Segment Start: Data for processing

lemma card_euler_frobenius_neg_roots_Suc:
  assumes m: "m \<ge> 1" and ne: "euler_frobenius_neg_roots m \<noteq> {}"
  shows "card (euler_frobenius_neg_roots (Suc m)) \<ge> card (euler_frobenius_neg_roots m) + 1"
proof -
  define S where "S = euler_frobenius_neg_roots m"
  have S: "finite S" "\<And>s. s \<in> S \<Longrightarrow> s < 0"
    using finite_euler_frobenius_neg_roots[OF m] by (auto simp: S_def euler_frobenius_neg_roots_def)
  obtain c where inj: "inj_on c S"
    and c: "\<And>s. s \<in> S \<Longrightarrow> s < c s \<and> c s \<in> euler_frobenius_neg_roots (Suc m)"
    using euler_frobenius_neg_roots_interlace[OF m] unfolding S_def by blast
  define M where "M = Max S"
  have "M \<in> S"
    using S(1) ne unfolding M_def S_def by simp
  then have "M < c M" "c M < 0"
    using c[of M] by (auto simp: euler_frobenius_neg_roots_def)
  define e where "e = 1 / c M"
  have "e \<in> euler_frobenius_neg_roots (Suc m)"
    unfolding e_def using c[OF \<open>M \<in> S\<close>] by (intro euler_frobenius_neg_roots_inverse) auto
  (* By reciprocity 1 / M is the least negative root, and e lies below it. *)
  have e_less: "e < s" if "s \<in> S" for s
  proof -
    have "1 / s \<le> M"
      using euler_frobenius_neg_roots_inverse[OF m] that S(1) unfolding M_def S_def by simp
    then have "1 / M \<le> s"
      using S(2)[OF that] S(2)[OF \<open>M \<in> S\<close>] by (simp add: divide_simps mult.commute)
    moreover have "e < 1 / M"
      unfolding e_def using \<open>M < c M\<close> \<open>c M < 0\<close> by (simp add: divide_simps)
    ultimately show ?thesis
      by simp
  qed
  then have "e \<notin> c ` S"
    using c by (auto dest: less_trans)
  then have "card (insert e (c ` S)) = card S + 1"
    using card_image[OF inj] S(1) by simp
  moreover have "insert e (c ` S) \<subseteq> euler_frobenius_neg_roots (Suc m)"
    using \<open>e \<in> _\<close> c by auto
  moreover have "finite (euler_frobenius_neg_roots (Suc m))"
    by (simp add: finite_euler_frobenius_neg_roots)
  ultimately show ?thesis
    unfolding S_def by (metis card_mono)
qed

Segment End: Data for processing

> Required action:
Every record must be transcribed exactly as written.

> Exercise response:
lemma card_euler_frobenius_neg_roots_Suc:
  assumes m: "m \<ge> 1" and ne: "euler_frobenius_neg_roots m \<noteq> {}"
  shows "card (euler_frobenius_neg_roots (Suc m)) \<ge> card (euler_frobenius_neg_roots m) + 1"
proof -
  define S where "S = euler_frobenius_neg_roots m"
  have S: "finite S" "\<And>s. s \<in> S \<Longrightarrow> s < 0"
    using finite_euler_frobenius_neg_roots[OF m] by (auto simp: S_def euler_frobenius_neg_roots_def)
  obtain c where inj: "inj_on c S"
    and c: "\<And>s. s \<in> S \<Longrightarrow> s < c s \<and> c s \<in> euler_frobenius_neg_roots (Suc m)"
    using euler_frobenius_neg_roots_interlace[OF m] unfolding S_def by blast
  define M where "M = Max S"
  have "M \<in> S"
    using S(1) ne unfolding M_def S_def by simp
  then have "M < c M" "c M < 0"
    using c[of M] by (auto simp: euler_frobenius_neg_roots_def)
  define e where "e = 1 / c M"
  have "e \<in> euler_frobenius_neg_roots (Suc m)"
    unfolding e_def using c[OF \<open>M \<in> S\<close>] by (intro euler_frobenius_neg_roots_inverse) auto
  (* By reciprocity 1 / M is the least negative root, and e lies below it. *)
  have e_less: "e < s" if "s \<in> S" for s
  proof -
    have "1 / s \<le> M"
      using euler_frobenius_neg_roots_inverse[OF m] that S(1) unfolding M_def S_def by simp
    then have "1 / M \<le> s"
      using S(2)[OF that] S(2)[OF \<open>M \<in> S\<close>] by (simp add: divide_simps mult.commute)
    moreover have "e < 1 / M"
      unfolding e_def using \<open>M < c M\<close> \<open>c M < 0\<close> by (simp add: divide_simps)
    ultimately show ?thesis
      by simp
  qed
  then have "e \<notin> c ` S"
    using c by (auto dest: less_trans)
  then have "card (insert e (c ` S)) = card S + 1"
    using card_image[OF inj] S(1) by simp
  moreover have "insert e (c ` S) \<subseteq> euler_frobenius_neg_roots (Suc m)"
    using \<open>e \<in> _\<close> c by auto
  moreover have "finite (euler_frobenius_neg_roots (Suc m))"
    by (simp add: finite_euler_frobenius_neg_roots)
  ultimately show ?thesis
    unfolding S_def by (metis card_mono)
qed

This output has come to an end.